:: Records

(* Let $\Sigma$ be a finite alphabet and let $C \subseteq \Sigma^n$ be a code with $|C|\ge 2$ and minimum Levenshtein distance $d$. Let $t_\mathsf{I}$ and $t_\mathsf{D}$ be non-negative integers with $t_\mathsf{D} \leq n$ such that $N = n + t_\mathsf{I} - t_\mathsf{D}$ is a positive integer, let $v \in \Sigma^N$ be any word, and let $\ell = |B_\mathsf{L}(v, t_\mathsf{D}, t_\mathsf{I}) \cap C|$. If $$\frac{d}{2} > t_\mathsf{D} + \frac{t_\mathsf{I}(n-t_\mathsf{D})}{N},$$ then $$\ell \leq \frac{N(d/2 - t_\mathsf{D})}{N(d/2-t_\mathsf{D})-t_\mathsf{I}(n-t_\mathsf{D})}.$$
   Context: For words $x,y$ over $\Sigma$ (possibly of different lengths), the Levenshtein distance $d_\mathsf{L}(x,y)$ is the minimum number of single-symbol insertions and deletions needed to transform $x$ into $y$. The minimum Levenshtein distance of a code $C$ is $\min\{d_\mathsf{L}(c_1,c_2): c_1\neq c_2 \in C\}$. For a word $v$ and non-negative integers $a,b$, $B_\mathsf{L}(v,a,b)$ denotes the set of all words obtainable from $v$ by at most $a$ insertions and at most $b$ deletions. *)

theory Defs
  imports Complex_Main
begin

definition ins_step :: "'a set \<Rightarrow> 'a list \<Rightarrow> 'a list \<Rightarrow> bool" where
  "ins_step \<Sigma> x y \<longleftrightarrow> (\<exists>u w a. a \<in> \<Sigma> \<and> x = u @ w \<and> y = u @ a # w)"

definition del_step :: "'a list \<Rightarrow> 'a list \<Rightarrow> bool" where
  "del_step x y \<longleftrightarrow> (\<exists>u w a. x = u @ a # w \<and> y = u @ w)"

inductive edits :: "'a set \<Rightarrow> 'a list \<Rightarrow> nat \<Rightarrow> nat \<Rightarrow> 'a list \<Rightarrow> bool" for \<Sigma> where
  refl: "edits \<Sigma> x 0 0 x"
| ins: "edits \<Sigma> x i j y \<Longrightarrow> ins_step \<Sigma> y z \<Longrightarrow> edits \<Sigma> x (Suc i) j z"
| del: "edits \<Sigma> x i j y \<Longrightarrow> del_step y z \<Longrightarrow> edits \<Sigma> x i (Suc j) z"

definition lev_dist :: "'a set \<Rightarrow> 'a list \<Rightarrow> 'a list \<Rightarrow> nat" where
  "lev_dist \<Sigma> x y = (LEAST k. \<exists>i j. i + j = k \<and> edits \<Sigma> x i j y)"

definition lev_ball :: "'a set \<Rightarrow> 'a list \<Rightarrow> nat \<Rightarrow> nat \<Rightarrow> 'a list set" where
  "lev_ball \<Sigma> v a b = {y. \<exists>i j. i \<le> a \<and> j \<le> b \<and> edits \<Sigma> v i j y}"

::::
:: Records

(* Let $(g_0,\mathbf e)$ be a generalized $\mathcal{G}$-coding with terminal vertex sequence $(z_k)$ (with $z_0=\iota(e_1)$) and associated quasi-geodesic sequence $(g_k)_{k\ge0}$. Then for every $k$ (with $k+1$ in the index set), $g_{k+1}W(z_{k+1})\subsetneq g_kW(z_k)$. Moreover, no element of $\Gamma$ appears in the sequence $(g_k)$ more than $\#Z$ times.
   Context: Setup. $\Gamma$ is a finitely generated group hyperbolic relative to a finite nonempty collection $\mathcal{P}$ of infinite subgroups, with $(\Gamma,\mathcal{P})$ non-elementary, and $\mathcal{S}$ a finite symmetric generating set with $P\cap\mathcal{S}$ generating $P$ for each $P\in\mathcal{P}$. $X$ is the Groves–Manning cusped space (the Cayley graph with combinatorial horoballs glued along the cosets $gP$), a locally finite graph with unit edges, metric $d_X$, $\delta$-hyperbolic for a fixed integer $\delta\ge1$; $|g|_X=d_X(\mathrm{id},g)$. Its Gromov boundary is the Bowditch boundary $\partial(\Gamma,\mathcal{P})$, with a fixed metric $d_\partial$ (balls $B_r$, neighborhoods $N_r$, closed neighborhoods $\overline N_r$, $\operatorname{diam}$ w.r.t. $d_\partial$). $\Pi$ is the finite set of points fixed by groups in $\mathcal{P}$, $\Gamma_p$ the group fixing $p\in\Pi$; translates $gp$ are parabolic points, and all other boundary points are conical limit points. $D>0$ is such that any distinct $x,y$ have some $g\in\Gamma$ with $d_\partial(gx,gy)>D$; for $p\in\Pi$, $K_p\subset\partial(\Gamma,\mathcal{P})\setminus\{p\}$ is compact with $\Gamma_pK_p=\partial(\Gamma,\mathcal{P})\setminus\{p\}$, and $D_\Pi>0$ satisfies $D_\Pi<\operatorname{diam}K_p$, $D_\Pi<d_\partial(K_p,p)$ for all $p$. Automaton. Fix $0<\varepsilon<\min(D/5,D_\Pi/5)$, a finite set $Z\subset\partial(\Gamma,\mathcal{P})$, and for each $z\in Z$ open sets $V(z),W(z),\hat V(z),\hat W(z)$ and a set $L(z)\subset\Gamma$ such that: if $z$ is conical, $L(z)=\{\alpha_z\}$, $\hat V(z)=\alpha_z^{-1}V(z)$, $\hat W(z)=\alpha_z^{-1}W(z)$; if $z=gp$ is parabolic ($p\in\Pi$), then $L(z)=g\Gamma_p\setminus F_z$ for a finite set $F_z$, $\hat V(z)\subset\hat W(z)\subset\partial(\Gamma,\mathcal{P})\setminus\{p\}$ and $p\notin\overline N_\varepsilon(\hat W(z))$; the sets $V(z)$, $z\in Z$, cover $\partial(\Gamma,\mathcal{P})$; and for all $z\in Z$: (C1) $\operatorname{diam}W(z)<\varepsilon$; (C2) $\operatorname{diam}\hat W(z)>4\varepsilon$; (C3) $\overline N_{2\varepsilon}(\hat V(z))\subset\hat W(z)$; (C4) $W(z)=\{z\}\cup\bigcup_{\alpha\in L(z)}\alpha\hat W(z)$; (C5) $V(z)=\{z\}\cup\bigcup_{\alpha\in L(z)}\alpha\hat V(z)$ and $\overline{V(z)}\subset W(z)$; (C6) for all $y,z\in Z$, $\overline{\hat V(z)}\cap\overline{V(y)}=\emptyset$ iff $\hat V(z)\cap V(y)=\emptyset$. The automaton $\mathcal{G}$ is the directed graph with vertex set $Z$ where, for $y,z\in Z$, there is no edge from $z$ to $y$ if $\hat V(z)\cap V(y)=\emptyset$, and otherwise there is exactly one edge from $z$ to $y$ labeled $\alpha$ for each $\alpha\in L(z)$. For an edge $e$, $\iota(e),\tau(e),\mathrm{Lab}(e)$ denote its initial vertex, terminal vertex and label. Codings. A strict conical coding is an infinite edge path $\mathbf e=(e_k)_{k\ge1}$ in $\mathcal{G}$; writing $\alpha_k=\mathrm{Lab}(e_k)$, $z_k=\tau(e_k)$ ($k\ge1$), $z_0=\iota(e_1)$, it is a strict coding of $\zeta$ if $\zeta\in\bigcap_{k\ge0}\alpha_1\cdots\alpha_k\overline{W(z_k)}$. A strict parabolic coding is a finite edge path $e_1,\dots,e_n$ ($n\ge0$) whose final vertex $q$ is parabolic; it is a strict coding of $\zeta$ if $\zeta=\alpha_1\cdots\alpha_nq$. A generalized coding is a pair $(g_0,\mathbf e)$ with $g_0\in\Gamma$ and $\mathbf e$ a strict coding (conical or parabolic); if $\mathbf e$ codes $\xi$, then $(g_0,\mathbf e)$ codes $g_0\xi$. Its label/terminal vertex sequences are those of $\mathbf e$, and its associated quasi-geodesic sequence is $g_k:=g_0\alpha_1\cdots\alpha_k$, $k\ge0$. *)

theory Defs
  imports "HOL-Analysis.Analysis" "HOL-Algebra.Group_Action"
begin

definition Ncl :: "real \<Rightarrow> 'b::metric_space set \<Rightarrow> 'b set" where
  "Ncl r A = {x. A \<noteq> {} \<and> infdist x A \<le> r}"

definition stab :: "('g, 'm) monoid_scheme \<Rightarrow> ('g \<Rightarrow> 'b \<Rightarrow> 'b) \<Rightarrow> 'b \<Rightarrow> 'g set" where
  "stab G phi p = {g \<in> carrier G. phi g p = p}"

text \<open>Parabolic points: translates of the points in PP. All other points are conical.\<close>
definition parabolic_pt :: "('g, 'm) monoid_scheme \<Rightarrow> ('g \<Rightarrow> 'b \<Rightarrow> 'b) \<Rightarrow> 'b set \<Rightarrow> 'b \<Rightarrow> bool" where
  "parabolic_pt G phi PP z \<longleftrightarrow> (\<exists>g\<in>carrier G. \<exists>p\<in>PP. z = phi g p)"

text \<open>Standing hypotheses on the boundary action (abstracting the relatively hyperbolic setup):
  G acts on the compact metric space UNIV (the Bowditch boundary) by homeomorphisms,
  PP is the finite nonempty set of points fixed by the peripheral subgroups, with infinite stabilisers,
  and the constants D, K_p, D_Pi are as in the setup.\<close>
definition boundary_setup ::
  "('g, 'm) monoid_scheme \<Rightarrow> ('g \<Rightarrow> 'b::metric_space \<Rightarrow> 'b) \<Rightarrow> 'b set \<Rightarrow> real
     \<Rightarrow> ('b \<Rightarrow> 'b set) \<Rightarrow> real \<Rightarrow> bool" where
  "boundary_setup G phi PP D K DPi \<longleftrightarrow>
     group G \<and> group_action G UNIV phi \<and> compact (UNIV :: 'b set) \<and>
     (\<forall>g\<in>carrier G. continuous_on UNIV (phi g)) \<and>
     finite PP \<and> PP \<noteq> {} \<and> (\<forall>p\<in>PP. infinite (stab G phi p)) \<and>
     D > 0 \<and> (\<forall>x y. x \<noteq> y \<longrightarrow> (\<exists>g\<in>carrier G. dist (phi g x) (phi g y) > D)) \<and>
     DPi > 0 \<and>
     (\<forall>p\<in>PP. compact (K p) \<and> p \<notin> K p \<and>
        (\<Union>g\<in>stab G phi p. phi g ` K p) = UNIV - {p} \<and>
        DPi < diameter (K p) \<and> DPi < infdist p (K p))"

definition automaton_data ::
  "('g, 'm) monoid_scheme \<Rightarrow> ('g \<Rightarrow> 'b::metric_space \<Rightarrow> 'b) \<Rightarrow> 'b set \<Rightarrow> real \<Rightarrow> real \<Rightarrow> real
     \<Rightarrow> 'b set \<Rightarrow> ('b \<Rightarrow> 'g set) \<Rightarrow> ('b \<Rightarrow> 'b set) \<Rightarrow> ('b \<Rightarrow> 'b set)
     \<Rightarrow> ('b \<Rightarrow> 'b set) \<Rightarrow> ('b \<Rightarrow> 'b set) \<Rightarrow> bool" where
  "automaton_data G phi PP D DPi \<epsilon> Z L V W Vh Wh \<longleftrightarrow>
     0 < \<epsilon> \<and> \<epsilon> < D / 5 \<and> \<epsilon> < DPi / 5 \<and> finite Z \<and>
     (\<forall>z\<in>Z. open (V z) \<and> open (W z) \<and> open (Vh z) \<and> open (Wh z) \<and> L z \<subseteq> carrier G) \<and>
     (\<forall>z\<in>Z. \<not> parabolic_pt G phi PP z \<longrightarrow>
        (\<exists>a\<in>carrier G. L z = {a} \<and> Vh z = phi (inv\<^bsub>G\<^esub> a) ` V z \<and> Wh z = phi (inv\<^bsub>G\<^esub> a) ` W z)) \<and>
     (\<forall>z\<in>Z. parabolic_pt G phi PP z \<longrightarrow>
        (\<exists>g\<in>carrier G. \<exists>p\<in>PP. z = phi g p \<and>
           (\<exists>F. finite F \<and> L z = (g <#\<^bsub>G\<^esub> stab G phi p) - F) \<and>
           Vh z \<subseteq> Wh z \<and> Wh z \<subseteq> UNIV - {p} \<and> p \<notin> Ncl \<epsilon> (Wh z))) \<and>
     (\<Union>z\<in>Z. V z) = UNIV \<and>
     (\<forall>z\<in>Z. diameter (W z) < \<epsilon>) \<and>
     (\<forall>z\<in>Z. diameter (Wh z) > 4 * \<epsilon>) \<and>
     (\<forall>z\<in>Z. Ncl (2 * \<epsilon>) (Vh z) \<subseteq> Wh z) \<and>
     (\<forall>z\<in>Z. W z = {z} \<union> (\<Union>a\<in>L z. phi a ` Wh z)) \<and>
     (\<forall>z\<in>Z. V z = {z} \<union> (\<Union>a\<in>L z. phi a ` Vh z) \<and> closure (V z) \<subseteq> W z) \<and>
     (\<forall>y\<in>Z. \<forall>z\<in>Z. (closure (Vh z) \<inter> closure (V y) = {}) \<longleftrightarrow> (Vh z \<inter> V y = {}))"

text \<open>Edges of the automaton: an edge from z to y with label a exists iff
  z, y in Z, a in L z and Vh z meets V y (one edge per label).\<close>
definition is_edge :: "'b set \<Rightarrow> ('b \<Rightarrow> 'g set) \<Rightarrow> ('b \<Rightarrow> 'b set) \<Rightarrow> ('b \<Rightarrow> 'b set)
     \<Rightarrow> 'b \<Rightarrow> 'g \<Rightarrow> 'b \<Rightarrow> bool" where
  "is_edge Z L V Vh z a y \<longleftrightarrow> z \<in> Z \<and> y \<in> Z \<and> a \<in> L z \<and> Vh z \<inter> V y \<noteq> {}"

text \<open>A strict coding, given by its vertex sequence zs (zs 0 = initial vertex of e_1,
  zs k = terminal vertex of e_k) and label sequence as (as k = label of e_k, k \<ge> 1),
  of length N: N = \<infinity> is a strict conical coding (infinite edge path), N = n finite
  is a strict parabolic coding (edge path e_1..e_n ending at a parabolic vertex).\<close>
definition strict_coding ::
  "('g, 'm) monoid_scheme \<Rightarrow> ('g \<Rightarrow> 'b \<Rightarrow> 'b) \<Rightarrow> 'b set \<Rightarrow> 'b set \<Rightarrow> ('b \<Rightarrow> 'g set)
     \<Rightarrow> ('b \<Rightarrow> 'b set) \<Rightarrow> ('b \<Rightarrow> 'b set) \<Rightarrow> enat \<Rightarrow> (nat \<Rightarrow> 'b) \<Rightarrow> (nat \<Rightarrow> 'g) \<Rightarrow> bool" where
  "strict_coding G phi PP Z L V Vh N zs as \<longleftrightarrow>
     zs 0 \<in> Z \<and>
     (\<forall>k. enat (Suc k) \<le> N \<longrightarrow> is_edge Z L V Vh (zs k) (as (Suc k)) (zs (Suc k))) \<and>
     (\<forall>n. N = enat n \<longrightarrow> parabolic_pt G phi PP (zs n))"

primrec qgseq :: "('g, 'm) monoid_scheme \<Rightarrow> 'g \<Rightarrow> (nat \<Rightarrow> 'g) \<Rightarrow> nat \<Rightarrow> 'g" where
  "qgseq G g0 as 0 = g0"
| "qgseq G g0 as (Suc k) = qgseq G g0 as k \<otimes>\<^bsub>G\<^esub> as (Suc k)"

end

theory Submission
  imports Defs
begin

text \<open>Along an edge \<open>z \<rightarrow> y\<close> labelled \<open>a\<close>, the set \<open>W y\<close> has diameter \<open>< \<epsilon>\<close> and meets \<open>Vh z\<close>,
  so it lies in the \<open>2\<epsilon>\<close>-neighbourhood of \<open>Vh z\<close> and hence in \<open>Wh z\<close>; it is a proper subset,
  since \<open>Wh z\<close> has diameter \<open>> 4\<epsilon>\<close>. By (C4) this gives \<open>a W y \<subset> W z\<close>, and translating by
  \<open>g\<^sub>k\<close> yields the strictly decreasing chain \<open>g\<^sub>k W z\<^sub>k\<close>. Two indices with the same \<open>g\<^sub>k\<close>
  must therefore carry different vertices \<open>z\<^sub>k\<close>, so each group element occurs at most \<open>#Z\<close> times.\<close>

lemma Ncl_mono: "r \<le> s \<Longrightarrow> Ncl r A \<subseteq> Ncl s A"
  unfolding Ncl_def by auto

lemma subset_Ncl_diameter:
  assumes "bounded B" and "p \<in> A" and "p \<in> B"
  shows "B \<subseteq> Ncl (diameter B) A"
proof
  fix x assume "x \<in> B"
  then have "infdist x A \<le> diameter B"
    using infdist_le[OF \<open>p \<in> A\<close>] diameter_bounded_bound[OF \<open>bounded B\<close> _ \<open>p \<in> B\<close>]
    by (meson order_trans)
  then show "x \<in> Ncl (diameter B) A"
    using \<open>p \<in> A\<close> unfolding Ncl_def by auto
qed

::::

What do the lines above say from the one containing "imports Defs" down to the one containing "so it lies in"? Return them exactly, both end lines included, and only them.

Answer box ::
  imports Defs
begin

text \<open>Along an edge \<open>z \<rightarrow> y\<close> labelled \<open>a\<close>, the set \<open>W y\<close> has diameter \<open>< \<epsilon>\<close> and meets \<open>Vh z\<close>,
  so it lies in the \<open>2\<epsilon>\<close>-neighbourhood of \<open>Vh z\<close> and hence in \<open>Wh z\<close>; it is a proper subset,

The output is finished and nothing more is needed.